BMC Infectious Diseases (Sep 2022)

Clinical clustering with prognostic implications in Japanese COVID-19 patients: report from Japan COVID-19 Task Force, a nation-wide consortium to investigate COVID-19 host genetics

  • Shiro Otake,
  • Shotaro Chubachi,
  • Ho Namkoong,
  • Kensuke Nakagawara,
  • Hiromu Tanaka,
  • Ho Lee,
  • Atsuho Morita,
  • Takahiro Fukushima,
  • Mayuko Watase,
  • Tatsuya Kusumoto,
  • Katsunori Masaki,
  • Hirofumi Kamata,
  • Makoto Ishii,
  • Naoki Hasegawa,
  • Norihiro Harada,
  • Tetsuya Ueda,
  • Soichiro Ueda,
  • Takashi Ishiguro,
  • Ken Arimura,
  • Fukuki Saito,
  • Takashi Yoshiyama,
  • Yasushi Nakano,
  • Yoshikazu Mutoh,
  • Yusuke Suzuki,
  • Koji Murakami,
  • Yukinori Okada,
  • Ryuji Koike,
  • Yuko Kitagawa,
  • Akinori Kimura,
  • Seiya Imoto,
  • Satoru Miyano,
  • Seishi Ogawa,
  • Takanori Kanai,
  • Koichi Fukunaga,
  • The Japan COVID-19 Task Force

DOI
https://doi.org/10.1186/s12879-022-07701-y
Journal volume & issue
Vol. 22, no. 1
pp. 1 – 12

Abstract

Read online

Abstract Background The clinical course of coronavirus disease (COVID-19) is diverse, and the usefulness of phenotyping in predicting the severity or prognosis of the disease has been demonstrated overseas.
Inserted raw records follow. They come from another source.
lemma contains_231:
  "contains_pattern n u [1,2,0] \<longleftrightarrow>
    (\<exists>a b c. a < b \<and> b < c \<and> c < n \<and> u c < u a \<and> u a < u b)" (is "_ \<longleftrightarrow> ?occurs")
proof
  assume "contains_pattern n u [1,2,0]"
  then show ?occurs
    by (simp add: contains_pattern_iff_positions ex_list_length_Suc numeral_eq_Suc All_less_Suc2) blast
next
  assume ?occurs
  then obtain a b c where "a < b" "b < c" "c < n" "u c < u a" "u a < u b" by blast
  then show "contains_pattern n u [1,2,0]"
    unfolding contains_pattern_iff_positions
    by (intro exI[of _ "[a, b, c]"]) (auto simp: numeral_eq_Suc All_less_Suc2)
qed

lemma contains_2143:
  "contains_pattern n w [1,0,3,2] \<longleftrightarrow>
    (\<exists>a b c e. a < b \<and> b < c \<and> c < e \<and> e < n \<and> w b < w a \<and> w a < w e \<and> w e < w c)"
    (is "_ \<longleftrightarrow> ?occurs")
proof
  assume "contains_pattern n w [1,0,3,2]"
  then show ?occurs
    by (simp add: contains_pattern_iff_positions ex_list_length_Suc numeral_eq_Suc All_less_Suc2) blast
next
  assume ?occurs
  then obtain a b c e where "a < b" "b < c" "c < e" "e < n" "w b < w a" "w a < w e" "w e < w c"
    by blast
  then show "contains_pattern n w [1,0,3,2]"
    unfolding contains_pattern_iff_positions
    by (intro exI[of _ "[a, b, c, e]"]) (auto simp: numeral_eq_Suc All_less_Suc2)
qed

lemma avoids_132D:
  "avoids n d [0,2,1] \<Longrightarrow> i < j \<Longrightarrow> j < k \<Longrightarrow> k < n \<Longrightarrow> d i < d k \<Longrightarrow> d k < d j \<Longrightarrow> False"
  unfolding avoids_def contains_132 by blast

lemma avoids_231D:
  "avoids n u [1,2,0] \<Longrightarrow> i < j \<Longrightarrow> j < k \<Longrightarrow> k < n \<Longrightarrow> u k < u i \<Longrightarrow> u i < u j \<Longrightarrow> False"
  unfolding avoids_def contains_231 by blast

lemma vexillaryD:
  "vexillary n w \<Longrightarrow> a < b \<Longrightarrow> b < c \<Longrightarrow> c < e \<Longrightarrow> e < n \<Longrightarrow>
    w b < w a \<Longrightarrow> w a < w e \<Longrightarrow> w e < w c \<Longrightarrow> False"
  unfolding vexillary_def avoids_def contains_2143 by blast

section \<open>Inversions and length additivity\<close>

definition inversions :: "nat \<Rightarrow> (nat \<Rightarrow> nat) \<Rightarrow> (nat \<times> nat) set" where
  "inversions n w = {(i, j). i < j \<and> j < n \<and> w j < w i}"

lemma len_eq_card_inversions: "len n w = card (inversions n w)"
  by (simp add: len_def inversions_def)

lemma finite_inversions: "finite (inversions n w)"
  by (rule finite_subset[of _ "{..<n} \<times> {..<n}"]) (auto simp: inversions_def)

lemma len_reindex:
  assumes "u permutes {..<n}"
  shows "len n d = card {(i, j). i < n \<and> j < n \<and> u i < u j \<and> d (u j) < d (u i)}"
    (is "_ = card ?P")
proof -
  have "inversions n d = map_prod u u ` ?P"
  proof
    show "inversions n d \<subseteq> map_prod u u ` ?P"
    proof
      fix p assume "p \<in> inversions n d"
      then obtain i j where "p = (i, j)" "i < j" "j < n" "d j < d i"
        by (auto simp: inversions_def)
      moreover have "inv u i < n" "inv u j < n" "u (inv u i) = i" "u (inv u j) = j"
        using \<open>i < j\<close> \<open>j < n\<close> permutes_in_image[OF permutes_inv[OF assms]]
          permutes_inverses(1)[OF assms] by auto
      ultimately show "p \<in> map_prod u u ` ?P"
        by (auto intro!: image_eqI[of _ _ "(inv u i, inv u j)"])
    qed
    show "map_prod u u ` ?P \<subseteq> inversions n d"
      using permutes_in_image[OF assms] by (auto simp: inversions_def)
  qed
  moreover have "inj_on (map_prod u u) ?P"
    using permutes_inj[OF assms] by (auto intro: map_prod_inj_on simp: inj_on_def)
  ultimately show ?thesis
    by (simp add: len_eq_card_inversions card_image)
qed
This study aimed to investigate clinically meaningful phenotypes in Japanese COVID-19 patients using cluster analysis. Methods From April 2020 to May 2021, data from inpatients aged ≥ 18 years diagnosed with COVID-19 and who agreed to participate in the study were collected. A total of 1322 Japanese patients were included. Hierarchical cluster analysis was performed using variables reported to be associated with COVID-19 severity or prognosis, namely, age, sex, obesity, smoking history, hypertension, diabetes mellitus, malignancy, chronic obstructive pulmonary disease, hyperuricemia, cardiovascular disease, chronic liver disease, and chronic kidney disease. Results Participants were divided into four clusters: Cluster 1, young healthy (n = 266, 20.1%); Cluster 2, middle-aged (n = 245, 18.5%); Cluster 3, middle-aged obese (n = 435, 32.9%); and Cluster 4, elderly (n = 376, 28.4%). In Clusters 3 and 4, sore throat, dysosmia, and dysgeusia tended to be less frequent, while shortness of breath was more frequent. Serum lactate dehydrogenase, ferritin, KL-6, d-dimer, and C-reactive protein levels tended to be higher in Clusters 3 and 4. Although Cluster 3 had a similar age as Cluster 2, it tended to have poorer outcomes. Both Clusters 3 and 4 tended to exhibit higher rates of oxygen supplementation, intensive care unit admission, and mechanical ventilation, but the mortality rate tended to be lower in Cluster 3. Conclusions We have successfully performed the first phenotyping of COVID-19 patients in Japan, which is clinically useful in predicting important outcomes, despite the simplicity of the cluster analysis method that does not use complex variables.